We posit that a relatively low statistical power should be accepted as a prerequisite in many physiological studies, provided that the authors are transparent about it. The main risks of underpowered studies are selective analysis and publication bias (Schulz & Grimes, 2005), but this may be hindered by detailed pre‐trial registration that includes the study's working hypotheses, outcome measures and a statistical analysis plan, as well as requirements to report the findings, regardless of how they should turn out. Furthermore, it is important to recognize that even ‘underpowered’ studies may make valuable contributions to the field if they are based on an appropriate study design, methodology that is both internally and externally valid and reliable, and if the data are reported and interpreted appropriately (Schulz & Grimes, 2005). Rather than introducing erroneous idiosyncratic post hoc power speculations in this context, we recommend that authors emphasize analysis results by comparing groups with 95% confidence intervals instead of P‐values (Christensen et al., 2023). An appropriate interpretation should show awareness that to show ‘no difference’, a smallest clinically or biologically relevant difference must be defined. In physiology, this difference is often obscure, and depends critically on the measurement method (Hartmann et al., 2023).
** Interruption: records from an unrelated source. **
text \<open>Split the integral at \<open>c = ln (y/x)\<close>: by memorylessness the part beyond \<open>c\<close> is
  \<open>(x/y) F y\<close>, and on \<open>[0, c)\<close> the integrand lies between \<open>F(x)\<^sup>2\<close> and \<open>F(y)\<^sup>2\<close>.\<close>

lemma difference_ineqs_of_smoothing_equation:
  fixes F :: "real \<Rightarrow> real"
  assumes mono: "mono F" and nonneg: "\<And>x. 0 \<le> F x" and eq: "smoothing_equation F"
    and xy: "0 < x" "x \<le> y"
  shows "(1 - x/y) * (F x)\<^sup>2 \<le> F x - (x/y) * F y \<and> F x - (x/y) * F y \<le> (1 - x/y) * (F y)\<^sup>2"
proof -
  define r where "r = x / y"
  define c where "c = ln (y / x)"
  define J where
    "J = (\<integral>\<^sup>+t. ennreal (exp (-t)) * ennreal (F (x * exp t) ^ 2) * indicator {0..<c} t \<partial>lborel)"
  have [measurable]: "F \<in> borel_measurable borel" using mono by (rule borel_measurable_mono)
  have r: "0 < r" "r \<le> 1" using xy by (auto simp: r_def)
  have c: "0 \<le> c" "exp (-c) = r" "x * exp c = y" using xy by (auto simp: c_def r_def exp_minus)
  have "ennreal (F x) = (\<integral>\<^sup>+t. ennreal (F (x * exp t) ^ 2) \<partial>std_exponential)"
    using eq xy by (simp add: smoothing_equation_def)
  also have "\<dots> = J + ennreal r * (\<integral>\<^sup>+t. ennreal (F (x * exp (c + t)) ^ 2) \<partial>std_exponential)"
    unfolding J_def c(2)[symmetric] by (rule nn_integral_std_exponential_shift) (auto simp: c)
  also have "(\<integral>\<^sup>+t. ennreal (F (x * exp (c + t)) ^ 2) \<partial>std_exponential) = ennreal (F y)"
    using eq xy c(3) by (simp add: smoothing_equation_def exp_add mult.assoc[symmetric])
  finally have split: "ennreal (F x) = J + ennreal (r * F y)"
    using r nonneg by (simp add: ennreal_mult)
  have J_bound: "(\<integral>\<^sup>+t. ennreal (exp (-t)) * ennreal k * indicator {0..<c} t \<partial>lborel) =
      ennreal ((1 - r) * k)" if "0 \<le> k" for k
    using that r c nn_integral_exp_Ico[OF c(1)]
    by (subst mult.commute, subst mult.assoc, subst nn_integral_cmult)
      (auto simp: ennreal_mult mult.commute)
  have between: "F x \<le> F (x * exp t) \<and> F (x * exp t) \<le> F y" if "t \<in> {0..<c}" for t
  proof -
    have "x \<le> x * exp t" "x * exp t \<le> x * exp c" using that xy by auto
    then show ?thesis using c(3) by (auto intro!: monoD[OF mono])
  qed
  have "ennreal ((1 - r) * (F x)\<^sup>2) \<le> J"
    unfolding J_def J_bound[OF zero_le_power2, symmetric] using between nonneg
    by (intro nn_integral_mono)
      (auto intro!: mult_left_mono ennreal_leI power_mono simp: indicator_def)
  then have "ennreal ((1 - r) * (F x)\<^sup>2 + r * F y) \<le> ennreal (F x)"
    using r nonneg[of y] by (simp add: split ennreal_plus add_right_mono)
  then have lower: "(1 - r) * (F x)\<^sup>2 \<le> F x - r * F y"
    using nonneg[of x] by simp
  have "J \<le> ennreal ((1 - r) * (F y)\<^sup>2)"
    unfolding J_def J_bound[OF zero_le_power2, symmetric] using between nonneg
    by (intro nn_integral_mono)
      (auto intro!: mult_left_mono ennreal_leI power_mono simp: indicator_def)
  then have "ennreal (F x) \<le> ennreal ((1 - r) * (F y)\<^sup>2 + r * F y)"
    using r nonneg[of y] by (simp add: split ennreal_plus add_right_mono)
  then have upper: "F x - r * F y \<le> (1 - r) * (F y)\<^sup>2"
    using r nonneg[of y] by (subst (asm) ennreal_le_iff) auto
  show ?thesis using lower upper by (simp add: r_def)
qed

section \<open>Maxima of discounted copies\<close>

definition discounted_copy :: "(nat \<Rightarrow> real \<times> real) \<Rightarrow> nat \<Rightarrow> ennreal" where
  "discounted_copy \<omega> i = ennreal (exp (- pp_point \<omega> i)) * ennreal (pp_copy \<omega> i)"

definition smoothed_max :: "(nat \<Rightarrow> real \<times> real) \<Rightarrow> ennreal" where
  "smoothed_max \<omega> = (SUP i. discounted_copy \<omega> i)"

definition partial_smoothed_max :: "nat \<Rightarrow> (nat \<Rightarrow> real \<times> real) \<Rightarrow> ennreal" where
  "partial_smoothed_max n \<omega> = (SUP i\<in>{..<n}. discounted_copy \<omega> i)"

lemma discounted_copy_case_nat_0:
  "discounted_copy (case_nat s \<omega>) 0 = ennreal (exp (- fst s)) * ennreal (snd s)"
  by (simp add: discounted_copy_def pp_point_def pp_copy_def)

lemma discounted_copy_case_nat_Suc:
  "discounted_copy (case_nat s \<omega>) (Suc i) = ennreal (exp (- fst s)) * discounted_copy \<omega> i"
proof -
  have "pp_point (case_nat s \<omega>) (Suc i) = fst s + pp_point \<omega> i"
    unfolding pp_point_def by (subst sum.atMost_Suc_shift) simp
  moreover have "exp (- (fst s + pp_point \<omega> i)) = exp (- fst s) * exp (- pp_point \<omega> i)"
    by (simp add: exp_add[symmetric])
  ultimately show ?thesis
    by (simp add: discounted_copy_def pp_copy_def ennreal_mult mult.assoc)
qed

lemma smoothed_max_case_nat:
  "smoothed_max (case_nat s \<omega>) =
     ennreal (exp (- fst s)) * max (ennreal (snd s)) (smoothed_max \<omega>)"
  unfolding smoothed_max_def
  by (subst SUP_nat_eq_max_Suc) (simp add: discounted_copy_case_nat_0
      discounted_copy_case_nat_Suc ennreal_mult_max SUP_mult_left_ennreal)

lemma partial_smoothed_max_0: "partial_smoothed_max 0 \<omega> = 0"
  by (simp add: partial_smoothed_max_def bot_ennreal)

lemma partial_smoothed_max_Suc_case_nat:
  "partial_smoothed_max (Suc n) (case_nat s \<omega>) =
     ennreal (exp (- fst s)) * max (ennreal (snd s)) (partial_smoothed_max n \<omega>)"
proof -
  have "partial_smoothed_max (Suc n) (case_nat s \<omega>) =
      max (discounted_copy (case_nat s \<omega>) 0)
        (SUP i\<in>{..<n}. discounted_copy (case_nat s \<omega>) (Suc i))"
    unfolding partial_smoothed_max_def lessThan_Suc_eq_insert_0
    by (simp add: image_image sup_max)
  then show ?thesis
    unfolding partial_smoothed_max_def discounted_copy_case_nat_0 discounted_copy_case_nat_Suc
    by (cases "n = 0") (simp_all add: ennreal_mult_max SUP_mult_left_ennreal[symmetric])
qed

lemma smoothed_max_eq_SUP_partial: "smoothed_max \<omega> = (SUP n. partial_smoothed_max n \<omega>)"
  unfolding smoothed_max_def partial_smoothed_max_def
  by (simp add: SUP_UNION[symmetric] UN_lessThan_UNIV)

lemma partial_smoothed_max_mono:
  "m \<le> n \<Longrightarrow> partial_smoothed_max m \<omega> \<le> partial_smoothed_max n \<omega>"
  unfolding partial_smoothed_max_def by (rule SUP_subset_mono) auto

locale nonneg_real_distribution = real_distribution \<mu> for \<mu> +
  assumes AE_nonneg: "AE x in \<mu>. 0 \<le> x"
begin

lemma sequence_space_base: "sequence_space (std_exponential \<Otimes>\<^sub>M \<mu>)"
  by (simp add: sequence_space_def product_prob_space_def product_prob_space_axioms_def
      product_sigma_finite_def prob_space_pair prob_space_std_exponential prob_space_axioms
      prob_space_imp_sigma_finite)

lemma prob_space_base_space: "prob_space (base_space \<mu>)"
  unfolding base_space_def using sequence_space_base
  by (simp add: prob_space_PiM prob_space_pair prob_space_std_exponential prob_space_axioms)

interpretation B: prob_space "base_space \<mu>"
  by (rule prob_space_base_space)

lemma space_base_space: "space (base_space \<mu>) = UNIV"
  by (auto simp: base_space_def space_PiM space_pair_measure PiE_def extensional_def)

lemma measurable_discounted_copy [measurable]:
  "(\<lambda>\<omega>. discounted_copy \<omega> i) \<in> borel_measurable (base_space \<mu>)"
  unfolding discounted_copy_def pp_point_def pp_copy_def base_space_def by measurable

lemma measurable_smoothed_max [measurable]: "smoothed_max \<in> borel_measurable (base_space \<mu>)"
  unfolding smoothed_max_def by measurable

lemma measurable_partial_smoothed_max [measurable]:
  "partial_smoothed_max n \<in> borel_measurable (base_space \<mu>)"
  unfolding partial_smoothed_max_def by measurable

lemma measurable_cdf [measurable]: "cdf \<mu> \<in> borel_measurable borel"
  by (rule borel_measurable_mono) (simp add: mono_def cdf_nondecreasing)

lemma emeasure_atMost_eq_cdf: "emeasure \<mu> {..x} = ennreal (cdf \<mu> x)"
  by (simp add: emeasure_eq_measure cdf_def)

definition prob_le :: "((nat \<Rightarrow> real \<times> real) \<Rightarrow> ennreal) \<Rightarrow> real \<Rightarrow> ennreal" where
  "prob_le Z x = emeasure (base_space \<mu>) {\<omega> \<in> space (base_space \<mu>). Z \<omega> \<le> ennreal x}"

lemma prob_le_le_1: "prob_le Z x \<le> 1"
  unfolding prob_le_def by (rule B.emeasure_le_1)

lemma max_smoothing_eq_distr: "max_smoothing \<mu> = distr (base_space \<mu>) borel smoothed_max"
  unfolding max_smoothing_def smoothed_max_def[abs_def] discounted_copy_def by simp

lemma is_fixed_point_iff_prob_le:
  "is_fixed_point \<mu> \<longleftrightarrow> (\<forall>x\<ge>0. prob_le smoothed_max x = ennreal (cdf \<mu> x))"
proof -
  have max_smoothing: "emeasure (max_smoothing \<mu>) {..ennreal x} = prob_le smoothed_max x" for x
    unfolding max_smoothing_eq_distr prob_le_def
    by (subst emeasure_distr) (auto intro!: arg_cong[where f="emeasure _"])
  have law: "emeasure (distr \<mu> borel ennreal) {..ennreal x} = ennreal (cdf \<mu> x)"
    if "0 \<le> x" for x
  proof -
    have "ennreal -` {..ennreal x} \<inter> space \<mu> = {..x}" using that by auto
    then show ?thesis by (subst emeasure_distr) (auto simp: emeasure_atMost_eq_cdf)
  qed
  show ?thesis
  proof
    assume "is_fixed_point \<mu>"
    then show "\<forall>x\<ge>0. prob_le smoothed_max x = ennreal (cdf \<mu> x)"
      using max_smoothing law by (simp add: is_fixed_point_def)
  next
    assume "\<forall>x\<ge>0. prob_le smoothed_max x = ennreal (cdf \<mu> x)"
    then show "is_fixed_point \<mu>"
      unfolding is_fixed_point_def using max_smoothing law
      by (intro ennreal_distribution_eqI)
        (auto simp: max_smoothing_eq_distr intro: B.prob_space_distr prob_space_distr)
  qed
qed

text \<open>Conditioning on the first coordinate \<open>s = (E\<^sub>0, X\<^sub>0)\<close>: the remaining coordinates are
  again distributed according to \<open>base_space \<mu>\<close> (\<open>PiM_iter\<close>), and
  \<open>e\<^bsup>-E\<^sub>0\<^esup> max X\<^sub>0 Z \<le> x\<close> iff both \<open>X\<^sub>0\<close> and \<open>Z\<close> are at most \<open>x e\<^bsup>E\<^sub>0\<^esup>\<close>.\<close>

lemma prob_le_first_step:
  assumes [measurable]: "Z \<in> borel_measurable (base_space \<mu>)"
    "W \<in> borel_measurable (base_space \<mu>)"
    and W: "\<And>s \<omega>. W (case_nat s \<omega>) = ennreal (exp (- fst s)) * max (ennreal (snd s)) (Z \<omega>)"
    and x: "0 \<le> x"
  shows "prob_le W x =
    (\<integral>\<^sup>+t. ennreal (cdf \<mu> (x * exp t)) * prob_le Z (x * exp t) \<partial>std_exponential)"
proof -
  let ?B = "base_space \<mu>" and ?M = "std_exponential \<Otimes>\<^sub>M \<mu>"
  let ?A = "{\<omega> \<in> space ?B. W \<omega> \<le> ennreal x}"
  let ?f = "\<lambda>p. indicator ?A ((\<lambda>(s, \<omega>). case_nat s \<omega>) p) :: ennreal"
  let ?g = "\<lambda>s. indicator {..x * exp (fst s)} (snd s) * prob_le Z (x * exp (fst s))"
  have shift [measurable]: "(\<lambda>(s, \<omega>). case_nat s \<omega>) \<in> ?M \<Otimes>\<^sub>M ?B \<rightarrow>\<^sub>M ?B"
    unfolding base_space_def by measurable
  have [measurable]: "?f \<in> borel_measurable (?M \<Otimes>\<^sub>M ?B)"
    by measurable
  have inner: "(\<integral>\<^sup>+\<omega>. ?f (s, \<omega>) \<partial>?B) = ?g s" for s
  proof -
    have "?f (s, \<omega>) = indicator {..x * exp (fst s)} (snd s) *
        indicator {\<omega> \<in> space ?B. Z \<omega> \<le> ennreal (x * exp (fst s))} \<omega>" for \<omega>
      using x by (simp add: W space_base_space ennreal_mult_le_ennreal_iff exp_minus field_simps
          indicator_def)
    then show ?thesis
      by (simp add: nn_integral_cmult_indicator prob_le_def)
  qed
  have "prob_le W x = (\<integral>\<^sup>+\<omega>. indicator ?A \<omega> \<partial>?B)"
    unfolding prob_le_def by (rule nn_integral_indicator[symmetric]) measurable
  also have "\<dots> = (\<integral>\<^sup>+\<omega>. indicator ?A \<omega> \<partial>distr (?M \<Otimes>\<^sub>M ?B) ?B (\<lambda>(s, \<omega>). case_nat s \<omega>))"
    using sequence_space.PiM_iter[OF sequence_space_base] by (simp only: base_space_def)
  also have "\<dots> = (\<integral>\<^sup>+p. ?f p \<partial>(?M \<Otimes>\<^sub>M ?B))"
    by (rule nn_integral_distr[OF shift]) measurable
  also have "\<dots> = (\<integral>\<^sup>+s. \<integral>\<^sup>+\<omega>. ?f (s, \<omega>) \<partial>?B \<partial>?M)"
    by (rule B.nn_integral_fst[symmetric]) measurable
  also have "\<dots> = (\<integral>\<^sup>+s. ?g s \<partial>?M)"
    by (simp only: inner)
  also have "\<dots> = (\<integral>\<^sup>+t. \<integral>\<^sup>+X. ?g (t, X) \<partial>\<mu> \<partial>std_exponential)"
  proof -
    have "(\<lambda>s. \<integral>\<^sup>+\<omega>. ?f (s, \<omega>) \<partial>?B) \<in> borel_measurable ?M"
      by (rule B.borel_measurable_nn_integral_fst) measurable
    then have "?g \<in> borel_measurable ?M"
      by (simp only: inner)
    then show ?thesis by (simp add: nn_integral_fst[symmetric])
  qed
  also have "\<dots> =
      (\<integral>\<^sup>+t. ennreal (cdf \<mu> (x * exp t)) * prob_le Z (x * exp t) \<partial>std_exponential)"
    by (simp add: nn_integral_multc emeasure_atMost_eq_cdf)
  finally show ?thesis .
qed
If any biologically or clinically relevant differences are excluded from the width of the 95% confidence interval, a ‘no difference’ or similarity/comparability conclusion is reasonable (Henriksen et al., 2015), such that the risk of a type II error is implied but correctly evaluated as not likely. On the other hand, if a relevant difference is included in the 95% confidence interval (i.e., falls within the two confidence limits), the sample size was probably not large enough (Roos et al., 2018).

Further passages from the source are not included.